The group currently comprises four companies:
 Ducati Motor Holding S.p.A., a motorcycle-manufacturing division previously known as Ducati Meccanica
 Ducati Corse, which runs the Ducati motorcycle racing program and is wholly owned by Ducati Motor Holding
 Ducati Energia, formerly known as Ducati Elettronica, a designer and manufacturer of electrical and electronic components and systems
 Ducati Sistemi, a subsidiary of Ducati Energia, which provides electronic and information-technology products for road transport, railway transport, and transport automation applications

In the 1930s and 1940s, Ducati manufactured radios, cameras, and electrical products such as razors. Ducati also made a marine binocular called the BIMAR for the Kriegsmarine during World War II, some of which were sold on the civilian market after the war. The Ducati Sogno was a half-frame Leica-like camera which is now a collector's item. Ducati and Bianchi have developed and launched a new line of racing bicycles.

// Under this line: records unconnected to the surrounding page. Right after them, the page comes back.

(* Let $n\ge1$, $m>0$, $\alpha\in\mathbf R$, $\beta,\gamma>0$, $1\le p,q<\infty$, and suppose $c:=\frac{4\gamma}{\beta^2q}\left(\beta-\frac{\alpha}{p}\right)>1$. Then the formula $P_{\beta m}f(x)=\int_{\mathbf C^n}f(y)K_{\beta m}(x,y)\,d\mu_{\beta m}(y)$ defines (the integral converging for every $f\in L^p_{\alpha m}$) a bounded operator from $L^p_{\alpha m}$ into $L^q_{\gamma m}$.
   Context: For $\alpha\in\mathbf R$, $m>0$, $d\mu_{\alpha m}(z)=e^{-\alpha|z|^{2m}}dz$ on $\mathbf C^n$ and $L^p_{\alpha m}=L^p(\mathbf C^n,d\mu_{\alpha m})$. $K_{\beta m}(x,y)=\frac{m\beta^{n/m}}{\pi^n}\sum_{k\ge0}\frac{(\beta^{1/m}\langle x,y\rangle)^k}{k!}\frac{\Gamma(n+k)}{\Gamma(\frac{n+k}{m})}$ is the reproducing kernel of the space of entire functions in $L^2_{\beta m}$. *)

theory Defs
  imports "HOL-Analysis.Analysis"
begin

text \<open>Points of C^n are modelled as complex^'n for a finite index type 'n,
  so n = CARD('n) >= 1. The measure dz is Lebesgue measure on C^n = R^(2n).\<close>

definition cinner :: "complex^'n \<Rightarrow> complex^'n \<Rightarrow> complex" where
  "cinner x y = (\<Sum>j\<in>UNIV. x $ j * cnj (y $ j))"

text \<open>Weight e^{-alpha |z|^{2m}} of d mu_{alpha m}.\<close>
definition wgt :: "real \<Rightarrow> real \<Rightarrow> complex^'n \<Rightarrow> real" where
  "wgt \<alpha> m z = exp (- \<alpha> * norm z powr (2 * m))"

definition Kern :: "real \<Rightarrow> real \<Rightarrow> complex^'n \<Rightarrow> complex^'n \<Rightarrow> complex" where
  "Kern \<beta> m x y =
     complex_of_real (m * \<beta> powr (real CARD('n) / m) / pi ^ CARD('n)) *
     (\<Sum>k. (complex_of_real (\<beta> powr (1 / m)) * cinner x y) ^ k / of_nat (fact k) *
           complex_of_real (Gamma (real (CARD('n) + k)) / Gamma (real (CARD('n) + k) / m)))"

definition Lpw :: "real \<Rightarrow> real \<Rightarrow> real \<Rightarrow> (complex^'n \<Rightarrow> complex) set" where
  "Lpw \<alpha> m p = {f. f \<in> borel_measurable lebesgue \<and>
      integrable lebesgue (\<lambda>z. norm (f z) powr p * wgt \<alpha> m z)}"

definition Lpw_norm :: "real \<Rightarrow> real \<Rightarrow> real \<Rightarrow> (complex^'n \<Rightarrow> complex) \<Rightarrow> real" where
  "Lpw_norm \<alpha> m p f = (\<integral>z. norm (f z) powr p * wgt \<alpha> m z \<partial>lebesgue) powr (1 / p)"

definition Pint :: "real \<Rightarrow> real \<Rightarrow> (complex^'n \<Rightarrow> complex) \<Rightarrow> complex^'n \<Rightarrow> complex^'n \<Rightarrow> complex" where
  "Pint \<beta> m f x y = f y * Kern \<beta> m x y * complex_of_real (wgt \<beta> m y)"

definition Pop :: "real \<Rightarrow> real \<Rightarrow> (complex^'n \<Rightarrow> complex) \<Rightarrow> complex^'n \<Rightarrow> complex" where
  "Pop \<beta> m f x = (\<integral>y. Pint \<beta> m f x y \<partial>lebesgue)"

Ducati Motor Holding often uses electrical components and subsystems from Ducati Energia.

History 
In 1926 Antonio Cavalieri Ducati and his three sons, Adriano, Marcello, and Bruno Cavalieri Ducati, founded Società Scientifica Radiobrevetti Ducati (SSR Ducati) in Bologna to produce vacuum tubes, condensers and other radio components. In 1935 they had become successful enough to enable construction of a new factory in the Borgo Panigale area of the city.  Production was maintained during World War II, despite the Ducati factory being a repeated target of Allied bombing.

The company started manufacturing motorcycle-related items when in 1950, manufacturing the "Cucciolo", an engine for mounting on bicycles, for a small Turinese firm, SIATA (Societa Italiana per Applicazioni Tecniche Auto-Aviatorie), later selling a product of their own based on the Cucciolo. In the following years, the company expanded their offer when the market moved on to larger motorcycles.

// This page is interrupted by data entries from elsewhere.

lemma markov_hist_pred:
  assumes k: "k \<in> {2..K}" and markov_k: "markov (hist C k) E \<Sigma>"
  shows "markov (hist C (k - 1)) E \<Sigma>"
  unfolding markov_def inv_on_subm
proof (intro ballI impI)
  fix i j assume i: "i \<in> hist C (k - 1)" and j: "j \<in> hist C (k - 1)" and ij: "i \<noteq> j \<and> {i, j} \<notin> E"
  have kK: "k \<in> {1..K}" using k by auto
  have not_both: "i \<notin> C k \<or> j \<notin> C k" using edge_C[OF kK] ij by blast
  have C_k: "C k \<subseteq> {1..N}" and sep_k: "sep C k \<subseteq> {1..N}"
    using C_subset[OF kK] sep_subset[of C k] by auto
  have "inv_on (C k) \<Sigma> i j = 0"
    using not_both by (rule inv_on_outside[OF finite_sub[OF C_k] sym_pos_def_on_sub[OF C_k]])
  moreover have "inv_on (sep C k) \<Sigma> i j = 0"
    using not_both sep_subset[of C k] by (intro inv_on_outside[OF finite_sub[OF sep_k] sym_pos_def_on_sub[OF sep_k]]) auto
  moreover have "inv_on (hist C k) \<Sigma> i j = 0"
    using markov_k i j ij hist_Suc[of C "k - 1"] k unfolding markov_def inv_on_subm by auto
  ultimately show "inv_on (hist C (k - 1)) \<Sigma> i j = 0"
    using inv_on_hist_step[OF k markov_k, of i j] by simp
qed

lemma markov_hist: "k \<in> {1..K} \<Longrightarrow> markov (hist C k) E \<Sigma>"
proof (induction "K - k" arbitrary: k)
  case 0
  then show ?case using markov unfolding hist_K[symmetric] by (simp add: le_antisym)
next
  case (Suc n)
  then have "markov (hist C (Suc k)) E \<Sigma>" by (intro Suc.hyps(1)) auto
  then show ?case using markov_hist_pred[of "Suc k"] Suc by simp
qed

section \<open>Decomposition of \<open>I - \<Sigma>\<^sup>-\<^sup>1\<close> and \<open>ln det \<Sigma>\<close>\<close>

lemma
  assumes k: "k \<in> {2..K}"
  shows IminusInv_hist_step:
      "IminusInv \<Sigma> (hist C k) i j
         = IminusInv \<Sigma> (hist C (k - 1)) i j + IminusInv \<Sigma> (C k) i j - IminusInv \<Sigma> (sep C k) i j"
    and ldet_hist_step:
      "ldet \<Sigma> (hist C k) = ldet \<Sigma> (hist C (k - 1)) + ldet \<Sigma> (C k) - ldet \<Sigma> (sep C k)"
proof -
  have hist_k: "hist C k = hist C (k - 1) \<union> C k" using hist_Suc[of C "k - 1"] k by simp
  have subsets: "hist C k \<subseteq> {1..N}" "hist C (k - 1) \<subseteq> {1..N}" "C k \<subseteq> {1..N}" "sep C k \<subseteq> {1..N}"
    using hist_subset[of k] hist_k k by (auto simp: sep_def)
  have markov_k: "markov (hist C k) E \<Sigma>" using k by (intro markov_hist) auto
  have "subm (hist C k) idm i j = subm (hist C (k - 1)) idm i j + subm (C k) idm i j - subm (sep C k) idm i j"
    unfolding hist_k sep_def by (auto simp: subm_def idm_def)
  then show "IminusInv \<Sigma> (hist C k) i j
      = IminusInv \<Sigma> (hist C (k - 1)) i j + IminusInv \<Sigma> (C k) i j - IminusInv \<Sigma> (sep C k) i j"
    using inv_on_hist_step[OF k markov_k, of i j]
      IminusInv_eq[OF finite_sub[OF subsets(1)] sym_pos_def_on_sub[OF subsets(1)]]
      IminusInv_eq[OF finite_sub[OF subsets(2)] sym_pos_def_on_sub[OF subsets(2)]]
      IminusInv_eq[OF finite_sub[OF subsets(3)] sym_pos_def_on_sub[OF subsets(3)]]
      IminusInv_eq[OF finite_sub[OF subsets(4)] sym_pos_def_on_sub[OF subsets(4)]]
    by simp
  note pos = subsets[THEN det_on_pos_sub]
  have "ln (det_on (hist C k) \<Sigma>) + ln (det_on (sep C k) \<Sigma>) = ln (det_on (hist C k) \<Sigma> * det_on (sep C k) \<Sigma>)"
    by (rule ln_mult_pos[OF pos(1,4), symmetric])
  also have "\<dots> = ln (det_on (hist C (k - 1)) \<Sigma>) + ln (det_on (C k) \<Sigma>)"
    unfolding det_on_hist_step[OF k markov_k] by (rule ln_mult_pos[OF pos(2,3)])
  finally show "ldet \<Sigma> (hist C k) = ldet \<Sigma> (hist C (k - 1)) + ldet \<Sigma> (C k) - ldet \<Sigma> (sep C k)"
    unfolding ldet_eq by simp
qed

lemma IminusInv_hist:
  "k \<in> {1..K} \<Longrightarrow>
     IminusInv \<Sigma> (hist C k) i j = (\<Sum>l=1..k. IminusInv \<Sigma> (C l) i j) - (\<Sum>l=2..k. IminusInv \<Sigma> (sep C l) i j)"
proof (induction k)
  case (Suc k)
  show ?case
  proof (cases "k = 0")
    case False
    then show ?thesis using Suc IminusInv_hist_step[of "Suc k" i j] by simp
  qed (simp add: hist_def)
qed simp

lemma ldet_hist:
  "k \<in> {1..K} \<Longrightarrow> ldet \<Sigma> (hist C k) = (\<Sum>l=1..k. ldet \<Sigma> (C l)) - (\<Sum>l=2..k. ldet \<Sigma> (sep C l))"
proof (induction k)
  case (Suc k)
  show ?case
  proof (cases "k = 0")
    case False
    then show ?thesis using Suc ldet_hist_step[of "Suc k"] by simp
  qed (simp add: hist_def)
qed simp

lemma sep_subset_V: "l \<in> {2..K} \<Longrightarrow> sep C l \<subseteq> {1..N}"
  using C_subset[of l] sep_subset[of C l] by force

lemma qf_IminusInv_eq_sum:
  "qf {1..N} (IminusInv \<Sigma> {1..N}) x
     = (\<Sum>l=1..K. qf (C l) (IminusInv \<Sigma> (C l)) x) - (\<Sum>l=2..K. qf (sep C l) (IminusInv \<Sigma> (sep C l)) x)"
proof -
  have "IminusInv \<Sigma> {1..N} = (\<lambda>i j. (\<Sum>l=1..K. IminusInv \<Sigma> (C l) i j) - (\<Sum>l=2..K. IminusInv \<Sigma> (sep C l) i j))"
    using IminusInv_hist[OF K_in] unfolding hist_K by (intro ext)
  then have "qf {1..N} (IminusInv \<Sigma> {1..N}) x
      = (\<Sum>l=1..K. qf {1..N} (IminusInv \<Sigma> (C l)) x) - (\<Sum>l=2..K. qf {1..N} (IminusInv \<Sigma> (sep C l)) x)"
    by (simp only: qf_diff qf_sum)
  also have "(\<Sum>l=1..K. qf {1..N} (IminusInv \<Sigma> (C l)) x) = (\<Sum>l=1..K. qf (C l) (IminusInv \<Sigma> (C l)) x)"
    by (intro sum.cong refl qf_IminusInv_mono_neutral C_subset) auto
  also have "(\<Sum>l=2..K. qf {1..N} (IminusInv \<Sigma> (sep C l)) x) = (\<Sum>l=2..K. qf (sep C l) (IminusInv \<Sigma> (sep C l)) x)"
    by (intro sum.cong refl qf_IminusInv_mono_neutral sep_subset_V) auto
  finally show ?thesis .
qed

lemma ldet_eq_sum: "ldet \<Sigma> {1..N} = (\<Sum>l=1..K. ldet \<Sigma> (C l)) - (\<Sum>l=2..K. ldet \<Sigma> (sep C l))"
  using ldet_hist[OF K_in] unfolding hist_K .

lemma qf_Jloc:
  assumes k: "k \<in> {1..K}"
  shows "qf (C k) (Jloc C K \<Sigma> \<alpha> \<beta> k) x
    = qf (C k) (IminusInv \<Sigma> (C k)) x - (\<Sum>l\<in>Qset C K k. \<beta> l * qf (sep C l) (IminusInv \<Sigma> (sep C l)) x)
      - (if 2 \<le> k then \<alpha> k * qf (sep C k) (IminusInv \<Sigma> (sep C k)) x else 0)"
proof -
  have fin: "finite (C k)" using C_subset[OF k] by (rule finite_sub)
  have "sep C l \<subseteq> C k" if "l \<in> Qset C K k" for l
  proof -
    from that have "l \<in> {2..K}" "qidx C l = k" unfolding Qset_def by auto
    then show ?thesis using qidx by metis
  qed
  then have "(\<Sum>l\<in>Qset C K k. \<beta> l * qf (C k) (padm (sep C l) (C k) (IminusInv \<Sigma> (sep C l))) x)
      = (\<Sum>l\<in>Qset C K k. \<beta> l * qf (sep C l) (IminusInv \<Sigma> (sep C l)) x)"
    by (simp add: qf_padm[OF fin])
  then show ?thesis
    unfolding Jloc_def qf_diff qf_sum qf_cmult qf_if qf_padm[OF fin sep_subset[of C k]] by simp
qed

lemma sum_Lloc:
  assumes weights: "\<forall>k\<in>{2..K}. \<alpha> k + \<beta> k = 1"
  shows "(\<Sum>k\<in>{1..K}. Lloc C K \<Sigma> \<alpha> \<beta> k x)
    = ((\<Sum>l=1..K. qf (C l) (IminusInv \<Sigma> (C l)) x) - (\<Sum>l=2..K. qf (sep C l) (IminusInv \<Sigma> (sep C l)) x))
      - ((\<Sum>l=1..K. ldet \<Sigma> (C l)) - (\<Sum>l=2..K. ldet \<Sigma> (sep C l)))" (is "_ = ?rhs")
proof -
  have img: "qidx C ` {2..K} \<subseteq> {1..K}"
    using qidx by fastforce
  have "(\<Sum>k\<in>{1..K}. Lloc C K \<Sigma> \<alpha> \<beta> k x)
    = (\<Sum>k\<in>{1..K}. (qf (C k) (IminusInv \<Sigma> (C k)) x
          - (\<Sum>l\<in>Qset C K k. \<beta> l * qf (sep C l) (IminusInv \<Sigma> (sep C l)) x)
          - (if 2 \<le> k then \<alpha> k * qf (sep C k) (IminusInv \<Sigma> (sep C k)) x else 0))
        - (ldet \<Sigma> (C k) - (\<Sum>l\<in>Qset C K k. \<beta> l * ldet \<Sigma> (sep C l))
          - (if 2 \<le> k then \<alpha> k * ldet \<Sigma> (sep C k) else 0)))"
    unfolding Lloc_def eloc_def using qf_Jloc by (intro sum.cong refl) auto
  also have "\<dots> = ((\<Sum>k\<in>{1..K}. qf (C k) (IminusInv \<Sigma> (C k)) x)
        - ((\<Sum>k\<in>{1..K}. \<Sum>l\<in>Qset C K k. \<beta> l * qf (sep C l) (IminusInv \<Sigma> (sep C l)) x)
          + (\<Sum>k\<in>{1..K}. if 2 \<le> k then \<alpha> k * qf (sep C k) (IminusInv \<Sigma> (sep C k)) x else 0)))
      - ((\<Sum>k\<in>{1..K}. ldet \<Sigma> (C k))
        - ((\<Sum>k\<in>{1..K}. \<Sum>l\<in>Qset C K k. \<beta> l * ldet \<Sigma> (sep C l))
          + (\<Sum>k\<in>{1..K}. if 2 \<le> k then \<alpha> k * ldet \<Sigma> (sep C k) else 0)))"
    by (simp add: sum_subtractf sum.distrib)
  also have "\<dots> = ?rhs"
    unfolding sum_separator_weights[OF img weights] ..
  finally show ?thesis .
qed

end

theorem mainTheorem1:
  fixes N K :: nat and E :: "nat set set" and C :: "nat \<Rightarrow> nat set"
    and \<Sigma> :: "nat \<Rightarrow> nat \<Rightarrow> real" and \<alpha> \<beta> :: "nat \<Rightarrow> real" and x :: "nat \<Rightarrow> real"
  assumes "ugraph {1..N} E"
    and "perfect_max_clique_seq {1..N} E C K"
    and "sym_pos_def_on {1..N} \<Sigma>"
    and "markov {1..N} E \<Sigma>"
    and "\<forall>k\<in>{2..K}. \<alpha> k + \<beta> k = 1"
  shows "Tstat {1..N} \<Sigma> x = (\<Sum>k\<in>{1..K}. Lloc C K \<Sigma> \<alpha> \<beta> k x)"
proof -
  interpret perfect_markov N K E C \<Sigma>
    using assms(2-4) by unfold_locales
  show ?thesis
    unfolding Tstat_eq sum_Lloc[OF assms(5)] qf_IminusInv_eq_sum ldet_eq_sum ..
qed

end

In 1953, management split the company into two separate entities, Ducati Meccanica SpA and Ducati Elettronica, in acknowledgment of its diverging motorcycle and electronics product lines. Ducati Elettronica became Ducati Energia SpA in the eighties. Dr. Giuseppe Montano took over as head of Ducati Meccanica SpA and the Borgo Panigale factory was modernized with government assistance. By 1954, Ducati Meccanica SpA had increased production to 120 bikes a day.

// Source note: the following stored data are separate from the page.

(* Let $\Pi$ be a safety problem. If $\Pi$ has a proof in the incremental forward-backward proof system with prophecy $\mathbf{FBPI}$, then $\Pi$ is safe.
   Context: A first-order vocabulary $\Sigma$ consists of constant, function and relation symbols; $\Sigma'=\{a' : a\in\Sigma\}$ is a disjoint copy, and for a formula $\varphi$, $\varphi'$ denotes $\varphi$ with every vocabulary symbol replaced by its primed copy. A state is a first-order structure over the vocabulary. A safety problem over $\Sigma$ is a triple $(\iota,\tau,\beta)$, where $\iota$ (initial states) and $\beta$ (bad states) are closed formulas over $\Sigma$ and $\tau$ (transitions) is a closed formula over $\Sigma\uplus\Sigma'$. A pair of states $(s,t)$ over a common domain is a transition if the structure interpreting unprimed symbols as in $s$ and primed ones as in $t$ satisfies $\tau$. A trace is a finite sequence of states over a common domain whose consecutive states form transitions; the problem is safe if there is no trace $s_0,\dots,s_k$ with $s_0\models\iota$, $s_k\models\beta$. $A\Rightarrow B$ means the implication $A\to B$ is valid; $\tau^{-1}$ is $\tau$ with each symbol and its primed counterpart swapped. Proofs: a proof of $\Pi$ in a system is a finite tree whose nodes are safety problems (possibly over different vocabularies), whose root is $\Pi$, and in which each node together with its children is an instance of one of the system's rules, with side conditions valid. $\mathbf{FBPI}$ has the rules (for a safety problem over vocabulary $\Sigma$, $\varphi$ ranging over closed formulas over $\Sigma$ in the first four): (Ind): no premises; conclusion $(\iota,\tau,\neg\varphi)$; side conditions $\iota\Rightarrow\varphi$ and $\varphi\wedge\tau\Rightarrow\varphi'$. (Cons): premise $(\iota,\tau,\neg\varphi)$; conclusion $(\iota,\tau,\beta)$; side condition $\varphi\Rightarrow\neg\beta$. (Inc): premises $(\iota,\tau,\neg\varphi)$ and $(\iota\wedge\varphi,\ \tau\wedge\varphi\wedge\varphi',\ \beta\wedge\varphi)$; conclusion $(\iota,\tau,\beta)$. (Rev): premise $(\beta,\tau^{-1},\iota)$; conclusion $(\iota,\tau,\beta)$. (Proph): for $\Pi=(\iota,\tau,\beta)$ over $\Sigma$, a fresh constant symbol $w$, a fresh unary relation symbol $m$, and a formula $\varphi(x)$ over $\Sigma$ with free variable $x$: premises $\Pi^{\mathrm{sound}}_\varphi$ and $\Pi^w_\varphi$; conclusion $\Pi$. Here $\varphi(w)$ is $\varphi$ with $x$ replaced by $w$, $\Pi^w_\varphi=\big(\iota\wedge\varphi(w),\ \varphi(w)\wedge\tau\wedge w'=w\wedge(\varphi(w))',\ \beta\wedge\varphi(w)\big)$ over $\Sigma\cup\{w\}$, and $\Pi^{\mathrm{sound}}_\varphi=\big(\iota\wedge\forall x.\,\varphi(x)\to m(x),\ \tau\wedge\forall x.\,(m(x)\wedge\varphi(x)\wedge\varphi'(x))\to m'(x),\ \beta\wedge\forall x.\,\varphi(x)\to\neg m(x)\big)$ over $\Sigma\cup\{m\}$. *)

theory Defs
  imports Main
begin
lemma floor_div_add_floor_div:
  fixes N :: int
  assumes "\<alpha> \<notin> \<rat>" "1 / \<alpha> + 1 / \<beta> = 1" "N \<ge> 1"
  shows "\<lfloor>N / \<alpha>\<rfloor> + \<lfloor>N / \<beta>\<rfloor> = N - 1"
proof -
  have "inverse \<beta> = 1 - inverse \<alpha>"
    unfolding inverse_eq_divide using assms(2) by linarith
  then have "N / \<beta> = N - N / \<alpha>"
    by (simp add: divide_inverse right_diff_distrib)
  moreover have "N / \<alpha> \<notin> \<rat>"
    using assms by (intro Rats_divide_irrational) auto
  then have "N / \<alpha> \<noteq> \<lfloor>N / \<alpha>\<rfloor>"
    by (metis Rats_of_int)
  then have lt: "\<lfloor>N / \<alpha>\<rfloor> < N / \<alpha>" "N / \<alpha> < \<lfloor>N / \<alpha>\<rfloor> + 1"
    using of_int_floor_le[of "N / \<alpha>"] by linarith+
  have "\<lfloor>N - N / \<alpha>\<rfloor> = N - 1 - \<lfloor>N / \<alpha>\<rfloor>"
    using lt by (intro floor_unique) linarith+
  ultimately show ?thesis
    by simp
qed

In the 1960s, Ducati earned its place in motorcycling history by producing the fastest 250cc road bike then available, the Mach 1. In 1985, Cagiva bought Ducati and planned to rebadge Ducati motorcycles with the "Cagiva" name. By the time the purchase was completed, Cagiva kept the "Ducati" name on its motorcycles. Eleven years later, in 1996, Cagiva accepted the offer from Texas Pacific Group and sold a 51% stake in the company for US$325 million; then, in 1998, Texas Pacific Group bought most of the remaining 49% to become the sole owner of Ducati. In 1999, TPG issued an initial public offering of Ducati stock and renamed the company "Ducati Motor Holding SpA". TPG sold over 65% of its shares in Ducati, leaving TPG the majority shareholder. In December 2005, Ducati returned to Italian ownership with the sale of Texas Pacific's stake (minus one share) to Investindustrial Holdings, the investment fund of Carlo and Andrea Bonomi.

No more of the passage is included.